The artist chasing (grinding away casting irregularities) on Marsha 1

Casting a sculpture at the foundry.

Working on waxes for maquette of The Couple. Indeterminate Number Of Angels Dancing On The Head Of A Pin fly in the background

 

"A sculptor and a master at modeling, Chick Schwartz is an artist whose sculptural works toy playfully with the third dimension, an illusive presence which is felt more than emphasized. To this skillful achievement he adds insight, humour and irony, as well as a touch of curiosity for a variety of mediums. The combination creates works anchored strongly in technical accomplishment and narrative appeal. The stunning quality of Schwartz's artworks reflects this successful union of form and content....."

     – Michel Forest, Director the Musee des beaux-arts de Sherbrooke, Quebec, 1994

 

"This week I had the opportunity to preview the show of Quebec sculptor Chick Schwartz. And it blew me away. The total originality of his work defies easy categorization or description. He is probably best known for his 'Looking Downs.' These are ceramic high relief sculptures which hang on the wall and give the viewer a queasy feeling of vertigo. You want to grab onto someone to keep from falling into his streets crowded with hundreds of tiny citizens doing all the things with and to each other that happen in our society..... Do yourself a favor and catch the show by this imaginative and talented artist."

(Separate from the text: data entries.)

(* Consider the linear content-access game described in the context, with $\tau>0$, $\pi_G\in[0,1]$, $\pi_B=1-\pi_G$, $\lambda_{ps}(G)\ge\lambda_{ps}(B)>0$ and $\lambda_{pu}>0$. Then: (i) if $\frac{\pi_G}{\lambda_{ps}(G)} \geq \frac{\pi_B}{\lambda_{ps}(B)}$, then $\alpha=0$ is a symmetric Wardrop equilibrium; (ii) if $\frac{\pi_G}{\lambda_{ps}(G)} \leq \frac{\pi_B}{\lambda_{ps}(B)}$ and $\frac{\pi_G}{\lambda_{ps}(G)+\lambda_{pu}} \geq \frac{\pi_B}{\lambda_{ps}(B)+\lambda_{pu}}$, then every threshold $\alpha$ with $0\le\alpha\le\beta_{\tau,B}$ is a symmetric Wardrop equilibrium; (iii) if $\frac{\pi_G}{\lambda_{ps}(G)} \leq \frac{\pi_B}{\lambda_{ps}(B)}$ and $\frac{\pi_G}{\lambda_{ps}(G)+\lambda_{pu}} < \frac{\pi_B}{\lambda_{ps}(B)+\lambda_{pu}}$, then the threshold $\alpha=\beta_{\tau,B}$ (i.e. $\alpha$ with $\alpha=\beta_{\tau,B}$ when all others play $\alpha$) is a symmetric Wardrop equilibrium.
   Context: A content has a type $\theta\in\{G,B\}$ (good/bad) and lifetime $\tau>0$. Users hold beliefs $\pi_G$ that the content is good and $\pi_B=1-\pi_G$ that it is bad. Each (pull) user uses a threshold strategy: access the content once its viewcount reaches a threshold. All users other than a tagged user use a common threshold $\alpha\ge 0$; the tagged user uses $\beta\ge0$ (a single user's deviation does not affect the viewcount). Linear dynamics: for type $\theta$, with push rate $\lambda_{ps}(\theta)>0$ and type-independent pull rate $\lambda_{pu}>0$, let $t_\alpha(\theta)=\alpha/\lambda_{ps}(\theta)$ and $X(t,\theta)=\lambda_{ps}(\theta)\,t+\lambda_{pu}\,(t-t_\alpha(\theta))^+$ for $t\ge0$. For $\beta\ge0$, $t_\beta(\theta)=\min\{t\ge 0: X(t,\theta)=\beta\}$. Let $\beta_{\tau,B}=X(\tau,B)$ (the value with $t_{\beta_{\tau,B}}(B)=\tau$; it depends on $\alpha$). The tagged user's utility is $U(\alpha,\beta)=\pi_G(\tau-t_\beta(G))-\pi_B(\tau-t_\beta(B))$ for $0\le\beta\le\beta_{\tau,B}$; a best response to $\alpha$ is a maximizer of $U(\alpha,\cdot)$ over $[0,\beta_{\tau,B}]$. A threshold $\alpha$ with $0\le\alpha\le\beta_{\tau,B}$ is a symmetric Wardrop equilibrium if $\beta=\alpha$ is a best response to $\alpha$. *)

theory Defs
  imports Complex_Main
begin

datatype ctype = G | B

text \<open>Viewcount of content of type th at time t when other users use threshold alpha;
  lps = push rate (type dependent), lpu = pull rate.\<close>
definition viewcount :: "(ctype \<Rightarrow> real) \<Rightarrow> real \<Rightarrow> real \<Rightarrow> ctype \<Rightarrow> real \<Rightarrow> real" where
  "viewcount lps lpu alpha th t = lps th * t + lpu * max 0 (t - alpha / lps th)"

definition t_beta :: "(ctype \<Rightarrow> real) \<Rightarrow> real \<Rightarrow> real \<Rightarrow> real \<Rightarrow> ctype \<Rightarrow> real" where
  "t_beta lps lpu alpha beta th = (LEAST t. t \<ge> 0 \<and> viewcount lps lpu alpha th t = beta)"

definition beta_tau_B :: "(ctype \<Rightarrow> real) \<Rightarrow> real \<Rightarrow> real \<Rightarrow> real \<Rightarrow> real" where
  "beta_tau_B lps lpu tau alpha = viewcount lps lpu alpha B tau"

definition utility :: "(ctype \<Rightarrow> real) \<Rightarrow> real \<Rightarrow> real \<Rightarrow> real \<Rightarrow> real \<Rightarrow> real \<Rightarrow> real" where
  "utility lps lpu tau piG alpha beta =
     piG * (tau - t_beta lps lpu alpha beta G) - (1 - piG) * (tau - t_beta lps lpu alpha beta B)"

definition best_response :: "(ctype \<Rightarrow> real) \<Rightarrow> real \<Rightarrow> real \<Rightarrow> real \<Rightarrow> real \<Rightarrow> real \<Rightarrow> bool" where
  "best_response lps lpu tau piG alpha beta \<longleftrightarrow>
     0 \<le> beta \<and> beta \<le> beta_tau_B lps lpu tau alpha \<and>
     (\<forall>b. 0 \<le> b \<and> b \<le> beta_tau_B lps lpu tau alpha \<longrightarrow>
          utility lps lpu tau piG alpha b \<le> utility lps lpu tau piG alpha beta)"

definition symmetric_wardrop :: "(ctype \<Rightarrow> real) \<Rightarrow> real \<Rightarrow> real \<Rightarrow> real \<Rightarrow> real \<Rightarrow> bool" where
  "symmetric_wardrop lps lpu tau piG alpha \<longleftrightarrow>
     0 \<le> alpha \<and> alpha \<le> beta_tau_B lps lpu tau alpha \<and>
     best_response lps lpu tau piG alpha alpha"

end

theory Submission
  imports Defs
begin

text \<open>The hitting time \<open>t_\<beta>\<close> is piecewise linear in \<open>\<beta>\<close>: with slope \<open>1/\<lambda>\<^sub>p\<^sub>s\<close> below the
  common threshold \<open>\<alpha>\<close> and slope \<open>1/(\<lambda>\<^sub>p\<^sub>s+\<lambda>\<^sub>p\<^sub>u)\<close> above it. So deviating from \<open>\<alpha>\<close> changes the
  tagged user's utility by \<open>(\<alpha>-\<beta>)(\<pi>\<^sub>G/\<lambda>\<^sub>p\<^sub>s(G) - \<pi>\<^sub>B/\<lambda>\<^sub>p\<^sub>s(B))\<close> downwards and by
  \<open>(\<beta>-\<alpha>)(\<pi>\<^sub>G/(\<lambda>\<^sub>p\<^sub>s(G)+\<lambda>\<^sub>p\<^sub>u) - \<pi>\<^sub>B/(\<lambda>\<^sub>p\<^sub>s(B)+\<lambda>\<^sub>p\<^sub>u))\<close> upwards, and each case of the theorem
  is a sign condition on these two ratio differences. In case (i) the upward condition is implied
  by the downward one because \<open>\<lambda>\<^sub>p\<^sub>s(G) \<ge> \<lambda>\<^sub>p\<^sub>s(B)\<close>; in case (iii) no upward deviation is possible
  since \<open>\<alpha> = \<beta>\<^sub>\<tau>\<^sub>,\<^sub>B\<close>.\<close>

lemma strict_mono_viewcount:
  assumes "lps th > 0" and "lpu \<ge> 0"
  shows "strict_mono (viewcount lps lpu alpha th)"
proof (rule strict_monoI)
  fix s t :: real
  assume "s < t"
  then have "lps th * s < lps th * t"
    using assms(1) by simp
  moreover have "lpu * max 0 (s - alpha / lps th) \<le> lpu * max 0 (t - alpha / lps th)"
    using \<open>s < t\<close> assms(2) by (intro mult_left_mono) auto
  ultimately show "viewcount lps lpu alpha th s < viewcount lps lpu alpha th t"
    unfolding viewcount_def by (rule add_less_le_mono)
qed

lemma t_beta_eq:
  assumes a: "lps th > 0" and c: "lpu \<ge> 0" and "alpha \<ge> 0" and "beta \<ge> 0"
  shows "t_beta lps lpu alpha beta th =
    (if beta \<le> alpha then beta / lps th else alpha / lps th + (beta - alpha) / (lps th + lpu))"
    (is "_ = ?T")
proof -
  have T_nonneg: "?T \<ge> 0"
    using assms by auto
  have "viewcount lps lpu alpha th ?T = beta"
  proof (cases "beta \<le> alpha")
    case True
    then have "beta / lps th - alpha / lps th \<le> 0"
      using a by (simp add: diff_divide_distrib[symmetric] divide_nonpos_pos)
    then show ?thesis
      using True a by (simp add: viewcount_def)
  next
    case False
    have "lps th + lpu > 0"
      using a c by simp
    define d where "d = (beta - alpha) / (lps th + lpu)"
    have "?T = alpha / lps th + d"
      using False by (simp add: d_def)
    then have "lps th * ?T + lpu * d = alpha + (lps th + lpu) * d"
      using a by (simp add: ring_distribs)
    also have "\<dots> = beta"
      using \<open>lps th + lpu > 0\<close> by (simp add: d_def)
    finally have "lps th * ?T + lpu * ((beta - alpha) / (lps th + lpu)) = beta"
      by (simp add: d_def)
    moreover have "?T - alpha / lps th = (beta - alpha) / (lps th + lpu)"
      using False by simp
    ultimately show ?thesis
      using False c \<open>lps th + lpu > 0\<close> by (simp add: viewcount_def)
  qed
  then show ?thesis
    unfolding t_beta_def using T_nonneg strict_mono_eq[OF strict_mono_viewcount[of lps th lpu alpha, OF a c]]
    by (intro Least_equality) auto
qed

lemma t_beta_self:
  assumes "lps th > 0" and "lpu \<ge> 0" and "alpha \<ge> 0"
  shows "t_beta lps lpu alpha alpha th = alpha / lps th"
  using t_beta_eq[of lps th lpu alpha alpha] assms by simp

lemma utility_diff_below:
  assumes "lps G > 0" and "lps B > 0" and "lpu \<ge> 0" and "0 \<le> b" and "b \<le> alpha"
  shows "utility lps lpu tau piG alpha b - utility lps lpu tau piG alpha alpha
    = (alpha - b) * (piG / lps G - (1 - piG) / lps B)"
  using assms t_beta_eq[of lps G lpu alpha b] t_beta_eq[of lps B lpu alpha b]
    t_beta_self[of lps G lpu alpha] t_beta_self[of lps B lpu alpha]
  by (simp add: utility_def algebra_simps diff_divide_distrib)

lemma utility_diff_above:
  assumes "lps G > 0" and "lps B > 0" and "lpu \<ge> 0" and "0 \<le> alpha" and "alpha \<le> b"
  shows "utility lps lpu tau piG alpha b - utility lps lpu tau piG alpha alpha
    = (b - alpha) * ((1 - piG) / (lps B + lpu) - piG / (lps G + lpu))"
proof (cases "b = alpha")
  case False
  with assms show ?thesis
    using t_beta_eq[of lps G lpu alpha b] t_beta_eq[of lps B lpu alpha b]
      t_beta_self[of lps G lpu alpha] t_beta_self[of lps B lpu alpha]
    by (simp add: utility_def algebra_simps)
qed simp

lemma utility_le_self_below:
  assumes "lps G > 0" and "lps B > 0" and "lpu \<ge> 0" and "0 \<le> b" and "b \<le> alpha"
    and "piG / lps G \<le> (1 - piG) / lps B"
  shows "utility lps lpu tau piG alpha b \<le> utility lps lpu tau piG alpha alpha"
proof -
  have "(alpha - b) * (piG / lps G - (1 - piG) / lps B) \<le> 0"
    using assms(5,6) by (intro mult_nonneg_nonpos) auto
  then show ?thesis
    using utility_diff_below[OF assms(1-5), of tau piG] by simp
qed

lemma utility_le_self_above:
  assumes "lps G > 0" and "lps B > 0" and "lpu \<ge> 0" and "0 \<le> alpha" and "alpha \<le> b"
    and "(1 - piG) / (lps B + lpu) \<le> piG / (lps G + lpu)"
  shows "utility lps lpu tau piG alpha b \<le> utility lps lpu tau piG alpha alpha"
proof -
  have "(b - alpha) * ((1 - piG) / (lps B + lpu) - piG / (lps G + lpu)) \<le> 0"
    using assms(5,6) by (intro mult_nonneg_nonpos) auto
  then show ?thesis
    using utility_diff_above[OF assms(1-5), of tau piG] by simp
qed

lemma divide_le_divide_add:
  fixes p q a b c :: real
  assumes "0 < b" and "b \<le> a" and "0 \<le> q" and "0 \<le> c" and "q / b \<le> p / a"
  shows "q / (b + c) \<le> p / (a + c)"
proof -
  have "q * a \<le> p * b"
    using assms(1,2,5) by (simp add: divide_simps)
  moreover have "q * b \<le> q * a"
    using assms(2,3) by (simp add: mult_left_mono)
  ultimately have "q \<le> p"
    using assms(1) mult_le_cancel_right_pos[of b q p] by linarith
  then have "q * c \<le> p * c"
    using assms(4) by (rule mult_right_mono)
  then have "q * (a + c) \<le> p * (b + c)"
    using \<open>q * a \<le> p * b\<close> by (simp add: distrib_left)
  then show ?thesis
    using assms(1,2,4) by (simp add: divide_simps)
qed

lemma beta_tau_B_ge:
  assumes "lpu \<ge> 0"
  shows "beta_tau_B lps lpu tau alpha \<ge> lps B * tau"
  using assms by (simp add: beta_tau_B_def viewcount_def)

lemma beta_tau_B_fixed_point:
  assumes "lps B > 0"
  shows "beta_tau_B lps lpu tau (lps B * tau) = lps B * tau"
  using assms by (simp add: beta_tau_B_def viewcount_def)

theorem theorem1:
  fixes lps :: "ctype \<Rightarrow> real" and lpu tau piG :: real
  assumes "tau > 0" and "0 \<le> piG" and "piG \<le> 1"
    and "lps G \<ge> lps B" and "lps B > 0" and "lpu > 0"
  shows "(piG / lps G \<ge> (1 - piG) / lps B \<longrightarrow> symmetric_wardrop lps lpu tau piG 0)
    \<and> (piG / lps G \<le> (1 - piG) / lps B \<and> piG / (lps G + lpu) \<ge> (1 - piG) / (lps B + lpu) \<longrightarrow>
         (\<forall>alpha. 0 \<le> alpha \<and> alpha \<le> beta_tau_B lps lpu tau alpha \<longrightarrow>
            symmetric_wardrop lps lpu tau piG alpha))
    \<and> (piG / lps G \<le> (1 - piG) / lps B \<and> piG / (lps G + lpu) < (1 - piG) / (lps B + lpu) \<longrightarrow>
         (\<exists>alpha. alpha = beta_tau_B lps lpu tau alpha) \<and>
         (\<forall>alpha. alpha = beta_tau_B lps lpu tau alpha \<longrightarrow> symmetric_wardrop lps lpu tau piG alpha))"
proof -
  have G: "lps G > 0" and B: "lps B > 0" and pu: "lpu \<ge> 0"
    using assms(4-6) by auto
  have bound: "beta_tau_B lps lpu tau alpha \<ge> 0" for alpha
    using beta_tau_B_ge[OF pu, of lps tau alpha] mult_pos_pos[OF B assms(1)] by linarith
  note below = utility_le_self_below[OF G B pu] and above = utility_le_self_above[OF G B pu]
  have i: "symmetric_wardrop lps lpu tau piG 0" if "(1 - piG) / lps B \<le> piG / lps G"
  proof -
    have "(1 - piG) / (lps B + lpu) \<le> piG / (lps G + lpu)"
      using divide_le_divide_add[OF B assms(4) _ pu that] assms(3) by simp
    then show ?thesis
      using bound by (auto simp: symmetric_wardrop_def best_response_def intro: above)
  qed
  have ii: "symmetric_wardrop lps lpu tau piG alpha"
    if "piG / lps G \<le> (1 - piG) / lps B" and "(1 - piG) / (lps B + lpu) \<le> piG / (lps G + lpu)"
      and "0 \<le> alpha" and "alpha \<le> beta_tau_B lps lpu tau alpha" for alpha
    using that unfolding symmetric_wardrop_def best_response_def
    by (meson below above linear)
  have iii: "symmetric_wardrop lps lpu tau piG alpha"
    if "piG / lps G \<le> (1 - piG) / lps B" and "alpha = beta_tau_B lps lpu tau alpha" for alpha
    using that bound[of alpha] unfolding symmetric_wardrop_def best_response_def
    by (metis below order_refl)
  show ?thesis
    using i ii iii beta_tau_B_fixed_point[of lps lpu tau] B by (metis less_le)
qed

end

      – James Duff, editor the Montreal Daily News, 1989.

 

"At first glance, Chick Schwartz's work seems intriguingly simple. Almost childish at times. His use of solid, bright colors in his ceramics at times give the work a sense of gaity usually found in the eyes of children. His solid forms in Bronze tend to be visually straightforward, rounded and weighty. Yet upon further scrutiny one notices the work embodies serious, often ironic themes.From feminism to religion to spatial perceptions, each piece deals with a problem that exists either in our world or within the piece itself. It is by solving these problems that he conveys his various messages. It takes a good eye to catch the details so integral to the larger whole, yet we must always look closely at anything in order to conceive of what is happening. Mr. Schwartz draws in his viewer with the aforementioned childish, easy accesible visual content, then before our eyes, we see this happy world change to one of despair, irony, beauty and humor....We have to ask ourselves, 'just what is important here?' and, as in life, it takes a very careful examination to find out the answer."

      – Jennifer Laden, curator, Postcrypt Art Gallery, Columbia University, 1991.

 

"....The air of unbeing envelops the artist's pieces again and again, be they apparent or nearly Jewish intent - or be they part of another tradition altogether, as in the case of his Godiva: golden bronze bestride a bronze-green horse that is and isn't there, whose steed sweeps across space at a remarkable pace, while never leaving his pedestal. His Godiva may be as much a metaphor for the Jewish experience within the world at large - exposed but proud upon the gigantic steed of covenantal promise - as his Hassidic Discourse is an image of that experience inside a now gone eastern European Jewish World. The artist mixes media and stylistic elements as he mixes ideas that mey be identified as Jewish with those what echo other cultural realms through which Jews have moved like Godiva, on horses that are and are not there, painlessly and painfully, plodding and swiftly, and not at all."

     – Ori Z. Soltes, director, National Jewish Museum, Washington, DC, 1996.